lemma nec_obj_incl: "nec_obj (wedge ns) (vtx ns i (L i)) (vtx ns j (U j)) dims incl"
proof -
  have "incl 0 (walpha dims) = vtx ns i (L i)"
    using incl_vertex[of 0 "bot_v (dims ! 0)"] interval[of i] i_le_j
    by (simp add: walpha_eq nth_dims fill_bot)
  moreover have "incl 0 (womega dims) = vtx ns j (U j)"
    using incl_vertex[of "j - i" "top_v (dims ! (j - i))"] interval[of j] i_le_j length_dims
      womega_eq[of dims]
    by (fastforce simp: nth_dims fill_top)
  ultimately show ?thesis
    by (simp add: nec_obj_def necklace_dims cmap_incl)
qed


lemma interval_at: "p \<le> j - i \<Longrightarrow> length (L (i + p)) = ns ! (i + p) \<and> vle (L (i + p)) (U (i + p))"
  using interval i_le_j by simp

lemma incl_glue_reflect:
  assumes p: "p \<le> j - i" and q: "q \<le> j - i"
    and h: "box_hom m (dims ! p) h" and k: "box_hom m (dims ! q) k"
    and glued: "((i + p, hext m (iota (L (i + p)) (U (i + p)) \<circ> h)),
                 (i + q, hext m (iota (L (i + q)) (U (i + q)) \<circ> k))) \<in> glue ns m"
  shows "bcell dims m p h = bcell dims m q k"
proof -
  have q_eq: "q = Suc p"
    and top: "hext m (iota (L (i + p)) (U (i + p)) \<circ> h) = constv m (top_v (ns ! (i + p)))"
    and bot: "hext m (iota (L (i + q)) (U (i + q)) \<circ> k) = constv m (bot_v (ns ! (i + q)))"
    using glued by (auto simp: mem_glue)
  have Lp: "length (L (i + p)) = ns ! (i + p)" "vle (L (i + p)) (U (i + p))"
    using interval_at[OF p] by auto
  have Lq: "length (L (i + q)) = ns ! (i + q)" "vle (L (i + q)) (U (i + q))"
    using interval_at[OF q] by auto
  have "h = constv m (top_v (dims ! p))"
    using iota_comp_eq_constv[OF Lp(2) _ top] h Lp proj_top[of "L (i + p)" "U (i + p)"]
    by (simp add: nth_dims[OF p] vle_length)
  moreover have "k = constv m (bot_v (dims ! q))"
    using iota_comp_eq_constv[OF Lq(2) _ bot] k Lq proj_bot[of "L (i + q)" "U (i + q)"]
    by (simp add: nth_dims[OF q] vle_length)
  ultimately show ?thesis
    using q q_eq length_dims by (simp add: bcell_eq_iff[OF gluable_dims] mem_glue)
qed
- - - - - - -
* _WHAT IS NEEDED_:
Scan the material above line by line and report how many lines contain the word "auto", nothing further.

* _RESPONSE AREA_:
3